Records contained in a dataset
= = = = = = =
lemma nehari_W_norm_bounded:
  fixes \<Omega> :: "'a::euclidean_space set"
  assumes \<Omega>: "\<Omega> \<in> sets lborel" "emeasure lborel \<Omega> = ennreal W" "W > 0" "\<Omega> \<subseteq> ball 0 R" "R > 0"
    and \<alpha>: "\<alpha> \<ge> 0" and \<beta>: "\<beta> > 0" and pq: "1 \<le> p" "p \<le> q"
    and neh: "\<And>n. u n \<in> nehari \<alpha> \<beta> p q lam \<Omega>" and PM: "\<And>n. Lq_int_vec p \<Omega> (D q \<Omega> (u n)) \<le> M"
  shows "\<exists>C. \<forall>n. W_norm q \<Omega> (u n) \<le> C"
proof -
  define L where "L n = Lq_int q \<Omega> (u n)" for n
  define A where "A n = Lq_int_vec q \<Omega> (D q \<Omega> (u n))" for n
  have nn: "L n \<ge> 0" "A n \<ge> 0" "Lq_int_vec p \<Omega> (D q \<Omega> (u n)) \<ge> 0" for n
    unfolding L_def A_def Lq_int_def Lq_int_vec_def by auto
  define \<delta> where "\<delta> = \<beta> / (2 * (\<bar>lam\<bar> + 1))"
  have "\<delta> > 0" unfolding \<delta>_def using \<beta> by (simp add: add_pos_nonneg)
  then obtain K where "\<And>v. v \<in> W0 q \<Omega> \<Longrightarrow> Lq_int_vec p \<Omega> (D q \<Omega> v) \<le> M
      \<Longrightarrow> Lq_int q \<Omega> v \<le> \<delta> * Lq_int_vec q \<Omega> (D q \<Omega> v) + K"
    using W0_Lq_int_le_small_gradient[OF \<Omega> pq] by blast
  then have K: "L n \<le> \<delta> * A n + K" for n
    using neh PM unfolding L_def A_def nehari_def by blast
  have "\<beta> * A n \<le> \<bar>lam\<bar> * L n" for n
  proof -
    have "\<beta> * A n = lam * L n - \<alpha> * Lq_int_vec p \<Omega> (D q \<Omega> (u n))"
      using neh[of n] unfolding L_def A_def nehari_def by simp
    also have "\<dots> \<le> lam * L n" using \<alpha> nn(3)[of n] by simp
    also have "\<dots> \<le> \<bar>lam\<bar> * L n" using nn(1)[of n] by (intro mult_right_mono) auto
    finally show ?thesis .
  qed
  moreover have "\<bar>lam\<bar> * \<delta> \<le> \<beta> / 2"
    using \<beta> unfolding \<delta>_def by (simp add: field_simps)
  ultimately have AK: "A n \<le> 2 * \<bar>lam\<bar> * K / \<beta>" for n
    using absorb_small_multiple[OF \<beta> abs_ge_zero nn(2) _ K] by blast
  have LK: "L n \<le> \<delta> * (2 * \<bar>lam\<bar> * K / \<beta>) + K" for n
    using K[of n] mult_left_mono[OF AK[of n], of \<delta>] \<open>\<delta> > 0\<close> by linarith
  show ?thesis
  proof (intro exI allI)
    fix n
    show "W_norm q \<Omega> (u n) \<le> (\<delta> * (2 * \<bar>lam\<bar> * K / \<beta>) + K) powr (1/q) + (2 * \<bar>lam\<bar> * K / \<beta>) powr (1/q)"
      unfolding W_norm_def L_def[symmetric] A_def[symmetric]
      using LK[of n] AK[of n] nn[of n] pq by (intro add_mono powr_mono2) auto
  qed
qed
= = = = = = =
- _EXERCISE OBJECTIVE_
Nothing but the lines from the line containing "q \<Omega> (u n)) \<ge>" through the final line of the entries should appear in your answer, copied exactly.

- _RESPONSE_
  have nn: "L n \<ge> 0" "A n \<ge> 0" "Lq_int_vec p \<Omega> (D q \<Omega> (u n)) \<ge> 0" for n
    unfolding L_def A_def Lq_int_def Lq_int_vec_def by auto
  define \<delta> where "\<delta> = \<beta> / (2 * (\<bar>lam\<bar> + 1))"
  have "\<delta> > 0" unfolding \<delta>_def using \<beta> by (simp add: add_pos_nonneg)
  then obtain K where "\<And>v. v \<in> W0 q \<Omega> \<Longrightarrow> Lq_int_vec p \<Omega> (D q \<Omega> v) \<le> M
      \<Longrightarrow> Lq_int q \<Omega> v \<le> \<delta> * Lq_int_vec q \<Omega> (D q \<Omega> v) + K"
    using W0_Lq_int_le_small_gradient[OF \<Omega> pq] by blast
  then have K: "L n \<le> \<delta> * A n + K" for n
    using neh PM unfolding L_def A_def nehari_def by blast
  have "\<beta> * A n \<le> \<bar>lam\<bar> * L n" for n
  proof -
    have "\<beta> * A n = lam * L n - \<alpha> * Lq_int_vec p \<Omega> (D q \<Omega> (u n))"
      using neh[of n] unfolding L_def A_def nehari_def by simp
    also have "\<dots> \<le> lam * L n" using \<alpha> nn(3)[of n] by simp
    also have "\<dots> \<le> \<bar>lam\<bar> * L n" using nn(1)[of n] by (intro mult_right_mono) auto
    finally show ?thesis .
  qed
  moreover have "\<bar>lam\<bar> * \<delta> \<le> \<beta> / 2"
    using \<beta> unfolding \<delta>_def by (simp add: field_simps)
  ultimately have AK: "A n \<le> 2 * \<bar>lam\<bar> * K / \<beta>" for n
    using absorb_small_multiple[OF \<beta> abs_ge_zero nn(2) _ K] by blast
  have LK: "L n \<le> \<delta> * (2 * \<bar>lam\<bar> * K / \<beta>) + K" for n
    using K[of n] mult_left_mono[OF AK[of n], of \<delta>] \<open>\<delta> > 0\<close> by linarith
  show ?thesis
  proof (intro exI allI)
    fix n
    show "W_norm q \<Omega> (u n) \<le> (\<delta> * (2 * \<bar>lam\<bar> * K / \<beta>) + K) powr (1/q) + (2 * \<bar>lam\<bar> * K / \<beta>) powr (1/q)"
      unfolding W_norm_def L_def[symmetric] A_def[symmetric]
      using LK[of n] AK[of n] nn[of n] pq by (intro add_mono powr_mono2) auto
  qed
qed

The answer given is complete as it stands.